Uxmal’s revamped light and sound show kicked off last night with plenty of fanfare. Photo: Courtesy

Uxmal’s new and improved light and sound show uses video mapping technology and intriguing narratives to bring the ancient city back to life.

Friday night’s debut of the upgraded show was attended by dignitaries including the secretary-general of the World Tourism Association, Zurab Pololikashvili, and INAH Director Diego Prieto Hernández.

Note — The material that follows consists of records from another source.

(* Let $(M,g)$ be a Lorentzian manifold and let $X$ be a null-connecting Jacobi field along a null geodesic segment $\gamma$ (defined on an interval containing $0$) with $X(0)$ timelike. Then $X$ has no zeros on $\gamma$.
   Context: A Jacobi field along a null geodesic is null-connecting if it arises as $X=\gamma_*\partial_\lambda$ from a differentiable one-parameter family $\gamma(\lambda,s)$ of affinely parameterised null geodesics $s\mapsto\gamma(\lambda,s)$. *)

theory Defs
  imports "HOL-Analysis.Analysis"
begin

fun pd :: "'a::euclidean_space list \<Rightarrow> ('a \<Rightarrow> real) \<Rightarrow> 'a \<Rightarrow> real" where
  "pd [] f = f"
| "pd (b # bs) f = (\<lambda>x. deriv (\<lambda>t. pd bs f (x + t *\<^sub>R b)) 0)"

definition smooth_map_on :: "'a::euclidean_space set \<Rightarrow> ('a \<Rightarrow> 'b::euclidean_space) \<Rightarrow> bool" where
  "smooth_map_on S f \<longleftrightarrow> open S \<and>
     (\<forall>bs c. set bs \<subseteq> Basis \<and> c \<in> Basis \<longrightarrow>
        continuous_on S (pd bs (\<lambda>x. f x \<bullet> c)) \<and>
        (\<forall>b\<in>Basis. \<forall>x\<in>S. (\<lambda>t. pd bs (\<lambda>x. f x \<bullet> c) (x + t *\<^sub>R b)) differentiable (at 0)))"

type_synonym ('m, 'n) chart = "'m set \<times> ('m \<Rightarrow> real^'n)"

definition is_chart :: "('m::topological_space, 'n::finite) chart \<Rightarrow> bool" where
  "is_chart c \<longleftrightarrow> open (fst c) \<and> open (snd c ` fst c) \<and>
     homeomorphism (fst c) (snd c ` fst c) (snd c) (inv_into (fst c) (snd c))"

definition transition :: "('m, 'n) chart \<Rightarrow> ('m, 'n) chart \<Rightarrow> real^'n \<Rightarrow> real^'n" where
  "transition c d = snd d \<circ> inv_into (fst c) (snd c)"

definition smooth_atlas :: "('m::topological_space, 'n::finite) chart set \<Rightarrow> bool" where
  "smooth_atlas A \<longleftrightarrow> (\<forall>c\<in>A. is_chart c) \<and> (\<Union>(fst ` A) = UNIV) \<and>
     (\<forall>c\<in>A. \<forall>d\<in>A. smooth_map_on (snd c ` (fst c \<inter> fst d)) (transition c d))"

definition lorentzian_form :: "real^'n^'n \<Rightarrow> bool" where
  "lorentzian_form g \<longleftrightarrow> transpose g = g \<and> det g \<noteq> 0 \<and>
     (\<exists>v. v \<bullet> (g *v v) < 0) \<and>
     (\<forall>S. subspace S \<and> (\<forall>v\<in>S. v \<noteq> 0 \<longrightarrow> v \<bullet> (g *v v) < 0) \<longrightarrow> dim S \<le> 1)"

text \<open>G c x = matrix of the metric g_ij in chart c at coordinate point x.\<close>
definition lorentzian_metric ::
  "('m::topological_space, 'n::finite) chart set \<Rightarrow> (('m, 'n) chart \<Rightarrow> real^'n \<Rightarrow> real^'n^'n) \<Rightarrow> bool" where
  "lorentzian_metric A G \<longleftrightarrow>
     (\<forall>c\<in>A. smooth_map_on (snd c ` fst c) (G c) \<and> (\<forall>x\<in>snd c ` fst c. lorentzian_form (G c x))) \<and>
     (\<forall>c\<in>A. \<forall>d\<in>A. \<forall>x\<in>snd c ` (fst c \<inter> fst d).
        G c x = transpose (jacobian (transition c d) (at x)) ** G d (transition c d x)
                  ** jacobian (transition c d) (at x))"

definition lorentzian_manifold ::
  "('m::{t2_space, second_countable_topology}, 'n::finite) chart set \<Rightarrow> (('m, 'n) chart \<Rightarrow> real^'n \<Rightarrow> real^'n^'n) \<Rightarrow> bool" where
  "lorentzian_manifold A G \<longleftrightarrow> CARD('n) \<ge> 2 \<and> smooth_atlas A \<and> lorentzian_metric A G"

definition christoffel :: "(real^'n \<Rightarrow> real^'n^'n) \<Rightarrow> real^'n \<Rightarrow> 'n::finite \<Rightarrow> 'n \<Rightarrow> 'n \<Rightarrow> real" where
  "christoffel g x k i j = (1/2) * (\<Sum>l\<in>UNIV. matrix_inv (g x) $ k $ l *
      (pd [axis i 1] (\<lambda>y. g y $ j $ l) x + pd [axis j 1] (\<lambda>y. g y $ i $ l) x
       - pd [axis l 1] (\<lambda>y. g y $ i $ j) x))"

definition coord_partial ::
  "('m, 'n::finite) chart \<Rightarrow> (real \<times> real \<Rightarrow> 'm) \<Rightarrow> (real \<times> real) list \<Rightarrow> real \<times> real \<Rightarrow> real^'n" where
  "coord_partial c F bs p = (\<chi> k. pd bs (\<lambda>q. snd c (F q) $ k) p)"

definition smooth_family_on ::
  "('m::topological_space, 'n::finite) chart set \<Rightarrow> (real \<times> real) set \<Rightarrow> (real \<times> real \<Rightarrow> 'm) \<Rightarrow> bool" where
  "smooth_family_on A W F \<longleftrightarrow> open W \<and> continuous_on W F \<and>
     (\<forall>c\<in>A. smooth_map_on (W \<inter> F -` fst c) (snd c \<circ> F))"

definition null_geodesic_at ::
  "('m, 'n::finite) chart set \<Rightarrow> (('m, 'n) chart \<Rightarrow> real^'n \<Rightarrow> real^'n^'n) \<Rightarrow> (real \<times> real \<Rightarrow> 'm) \<Rightarrow> real \<times> real \<Rightarrow> bool" where
  "null_geodesic_at A G F p \<longleftrightarrow>
     (\<forall>c\<in>A. F p \<in> fst c \<longrightarrow>
        (let v = coord_partial c F [(0,1)] p; a = coord_partial c F [(0,1),(0,1)] p;
             x = snd c (F p) in
         (\<forall>k. a $ k + (\<Sum>i\<in>UNIV. \<Sum>j\<in>UNIV. christoffel (G c) x k i j * v $ i * v $ j) = 0) \<and>
         v \<noteq> 0 \<and> v \<bullet> (G c x *v v) = 0))"

text \<open>The Jacobi field X = gamma_* d/d lambda at (0,s), in chart c.\<close>
definition jacobi_field_coord ::
  "('m, 'n::finite) chart \<Rightarrow> (real \<times> real \<Rightarrow> 'm) \<Rightarrow> real \<Rightarrow> real^'n" where
  "jacobi_field_coord c F s = coord_partial c F [(1,0)] (0, s)"

text \<open>X is null-connecting along the null geodesic segment s |-> F(0,s), s in I:
  F is a smooth family of affinely parametrised null geodesics s |-> F(lambda,s), s in I,
  for lambda in an open interval J around 0 (smooth on an open neighbourhood W of J x I).\<close>
definition null_connecting_family ::
  "('m::topological_space, 'n::finite) chart set \<Rightarrow> (('m, 'n) chart \<Rightarrow> real^'n \<Rightarrow> real^'n^'n)
    \<Rightarrow> real set \<Rightarrow> real set \<Rightarrow> (real \<times> real \<Rightarrow> 'm) \<Rightarrow> bool" where
  "null_connecting_family A G J I F \<longleftrightarrow>
     open J \<and> is_interval J \<and> 0 \<in> J \<and>
     (\<exists>W. J \<times> I \<subseteq> W \<and> smooth_family_on A W F) \<and>
     (\<forall>l\<in>J. \<forall>s\<in>I. null_geodesic_at A G F (l, s))"

end

theory Submission
  imports Defs
begin

(*
  Write X = \<gamma>\<^sub>*\<partial>\<^sub>\<lambda> and T = \<gamma>\<^sub>*\<partial>\<^sub>s. Along the geodesic s \<mapsto> \<gamma>(0, s),
    d/ds g(X, T) = g(\<nabla>\<^sub>T X, T) + g(X, \<nabla>\<^sub>T T) = g(\<nabla>\<^sub>X T, T) = 1/2 \<partial>\<^sub>\<lambda> g(T, T) = 0,
  since \<nabla>\<^sub>T T = 0 (geodesic equation), \<nabla>\<^sub>T X = \<nabla>\<^sub>X T (mixed partial derivatives commute)
  and g(T, T) vanishes identically (every curve of the family is null). In a chart this is a
  computation with Christoffel symbols; the pairing g(X, T) does not depend on the chart, so it
  is constant on the whole segment. At s = 0 it is nonzero, because in Lorentzian signature a
  timelike vector is never orthogonal to a nonzero null vector. Hence X never vanishes.
*)

section \<open>Differentiability from continuous partial derivatives\<close>

lemma line_increment_bound:
  fixes f :: "'a::real_normed_vector \<Rightarrow> real"
  assumes D: "\<And>u. u \<in> closed_segment 0 t \<Longrightarrow>
      ((\<lambda>s. f (y + s *\<^sub>R b)) has_real_derivative D (y + u *\<^sub>R b)) (at u)"
    and B: "\<And>u. u \<in> closed_segment 0 t \<Longrightarrow> \<bar>D (y + u *\<^sub>R b) - c\<bar> \<le> e"
  shows "\<bar>f (y + t *\<^sub>R b) - f y - t * c\<bar> \<le> e * \<bar>t\<bar>"
proof -
  define \<psi> where "\<psi> u = f (y + u *\<^sub>R b) - u * c" for u
  have "norm (\<psi> t - \<psi> 0) \<le> e * norm (t - 0)"
  proof (rule field_differentiable_bound[OF convex_closed_segment])
    fix u assume "u \<in> closed_segment 0 t"
    then show "(\<psi> has_field_derivative D (y + u *\<^sub>R b) - c) (at u within closed_segment 0 t)"
      unfolding \<psi>_def by (auto intro!: derivative_eq_intros D[THEN has_field_derivative_at_within])
  qed (use B in auto)
  then show ?thesis by (simp add: \<psi>_def)
qed

(* Split h = h' + t b with h' \<bullet> b = 0: the hypothesis controls h', the mean value theorem
   along the line through x + h' in direction b controls the rest. *)
lemma linearization_insert_coordinate:
  fixes f :: "'a::euclidean_space \<Rightarrow> real"
  assumes S: "open S" "x \<in> S"
    and D: "\<And>y u. y + u *\<^sub>R b \<in> S \<Longrightarrow>
      ((\<lambda>t. f (y + t *\<^sub>R b)) has_real_derivative Df b (y + u *\<^sub>R b)) (at u)"
    and "continuous (at x) (Df b)" and b: "b \<in> Basis" "b \<notin> B" and "B \<subseteq> Basis" and "e > 0"
    and "d1 > 0" and d1: "\<And>h. \<forall>c\<in>Basis - B. h \<bullet> c = 0 \<Longrightarrow> norm h < d1 \<Longrightarrow>
      \<bar>f (x + h) - f x - (\<Sum>c\<in>B. (h \<bullet> c) * Df c x)\<bar> \<le> e/4 * norm h"
  shows "\<exists>d>0. \<forall>h. (\<forall>c\<in>Basis - insert b B. h \<bullet> c = 0) \<longrightarrow> norm h < d \<longrightarrow>
           \<bar>f (x + h) - f x - (\<Sum>c\<in>insert b B. (h \<bullet> c) * Df c x)\<bar> \<le> e * norm h"
proof -
  obtain d2 where "d2 > 0" and d2: "\<And>y. dist y x < d2 \<Longrightarrow> dist (Df b y) (Df b x) < e/2"
    using \<open>continuous (at x) (Df b)\<close> \<open>e > 0\<close> unfolding continuous_at_eps_delta
    by (meson half_gt_zero)
  obtain d3 where "d3 > 0" and d3: "ball x d3 \<subseteq> S" using S openE by blast
  define d where "d = min d1 (min d2 d3) / 3"
  show ?thesis
  proof (intro exI[of _ d] conjI allI impI)
    show "d > 0" using \<open>d1 > 0\<close> \<open>d2 > 0\<close> \<open>d3 > 0\<close> by (simp add: d_def)
    fix h :: 'a
    assume supp: "\<forall>c\<in>Basis - insert b B. h \<bullet> c = 0" and "norm h < d"
    define t where "t = h \<bullet> b"
    define h' where "h' = h - t *\<^sub>R b"
    have t: "\<bar>t\<bar> \<le> norm h" unfolding t_def using Basis_le_norm b(1) by blast
    have "norm h' \<le> norm h + norm (t *\<^sub>R b)" unfolding h'_def by (rule norm_triangle_ineq4)
    with t b(1) have h': "norm h' \<le> 2 * norm h" by simp
    have h'_off_b: "h' \<bullet> c = h \<bullet> c" if "c \<in> Basis" "c \<noteq> b" for c
      using that b(1) by (simp add: h'_def inner_diff_left inner_not_same_Basis)
    have "h' \<bullet> b = 0" using b(1) by (simp add: h'_def t_def inner_diff_left)
    then have "h' \<bullet> c = 0" if "c \<in> Basis - B" for c
      using that supp h'_off_b by (cases "c = b") simp_all
    moreover have "norm h' < d1"
    proof -
      have "3 * norm h < d1" using \<open>norm h < d\<close> by (simp add: d_def)
      then show ?thesis using h' norm_ge_zero[of h] by linarith
    qed
    ultimately have "\<bar>f (x + h') - f x - (\<Sum>c\<in>B. (h' \<bullet> c) * Df c x)\<bar> \<le> e/4 * norm h'"
      by (intro d1) auto
    moreover have "(\<Sum>c\<in>B. (h' \<bullet> c) * Df c x) = (\<Sum>c\<in>B. (h \<bullet> c) * Df c x)"
      using b(2) \<open>B \<subseteq> Basis\<close> h'_off_b by (intro sum.cong) auto
    moreover have "e/4 * norm h' \<le> e/2 * norm h" using h' \<open>e > 0\<close> by simp
    ultimately have est_B: "\<bar>f (x + h') - f x - (\<Sum>c\<in>B. (h \<bullet> c) * Df c x)\<bar> \<le> e/2 * norm h"
      by linarith
    have near: "dist (x + h' + u *\<^sub>R b) x < min d2 d3" if "u \<in> closed_segment 0 t" for u
    proof -
      have "\<bar>u\<bar> \<le> \<bar>t\<bar>" using that by (auto simp: closed_segment_eq_real_ivl split: if_splits)
      then have "norm (h' + u *\<^sub>R b) \<le> 3 * norm h"
        using norm_triangle_ineq[of h' "u *\<^sub>R b"] h' t b(1) by simp
      then show ?thesis using \<open>norm h < d\<close> by (simp add: dist_norm d_def add.assoc)
    qed
    have split: "x + h = x + h' + t *\<^sub>R b" by (simp add: h'_def)
    have "\<bar>f (x + h) - f (x + h') - t * Df b x\<bar> \<le> e/2 * \<bar>t\<bar>"
      unfolding split
    proof (rule line_increment_bound)
      fix u assume u: "u \<in> closed_segment 0 t"
      then have "x + h' + u *\<^sub>R b \<in> S" using near d3 by (auto simp: dist_commute)
      then show "((\<lambda>s. f (x + h' + s *\<^sub>R b)) has_real_derivative Df b (x + h' + u *\<^sub>R b)) (at u)"
        by (rule D)
      show "\<bar>Df b (x + h' + u *\<^sub>R b) - Df b x\<bar> \<le> e/2"
        using d2[of "x + h' + u *\<^sub>R b"] near[OF u] by (simp add: dist_real_def)
    qed
    moreover have "e/2 * \<bar>t\<bar> \<le> e/2 * norm h" using t \<open>e > 0\<close> by simp
    moreover have "(\<Sum>c\<in>insert b B. (h \<bullet> c) * Df c x) = t * Df b x + (\<Sum>c\<in>B. (h \<bullet> c) * Df c x)"
      using b(2) \<open>B \<subseteq> Basis\<close> by (simp add: t_def finite_subset[OF _ finite_Basis])
    ultimately show "\<bar>f (x + h) - f x - (\<Sum>c\<in>insert b B. (h \<bullet> c) * Df c x)\<bar> \<le> e * norm h"
      using est_B by linarith
  qed
qed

Yucatán Gov. Mauricio Vila Dosal expressed his enjoyment of Uxmal’s upgraded light and sound show and expressed confidence that it would boost the state’s profile as a world-class destination. Photo: Courtesy

Images projected on the Uxmal’s ancient structures include representations of Kukulkán — the divine feathered serpent — and the rain god Chaac.

The light and sound show at Uxmal dates back to 1975 when it was inaugurated in the presence of Queen Elizabeth II. Since then, the spectacle has received several improvements and upgrades. 

Earlier: Ancient monuments in Teotihuacan endangered by illegal construction

Likely founded sometime between the 5th and 7th century CE, Uxmal is the second most visited archaeological site in Yucatán, after Chichén Itzá

The ancient city is renowned for its distinctive Puuc architecture,  beautiful plazas, and intricate stone and mosaic designs. 

Video mapping lights up the ancient facade up the complex known as the Nunery, in Uxmal. Photo: Courtesy

The name of Uxmal derives from two Mayan words: ux, which means three; and mal, to build. Therefore, we refer to Uxmal as the thrice-built city.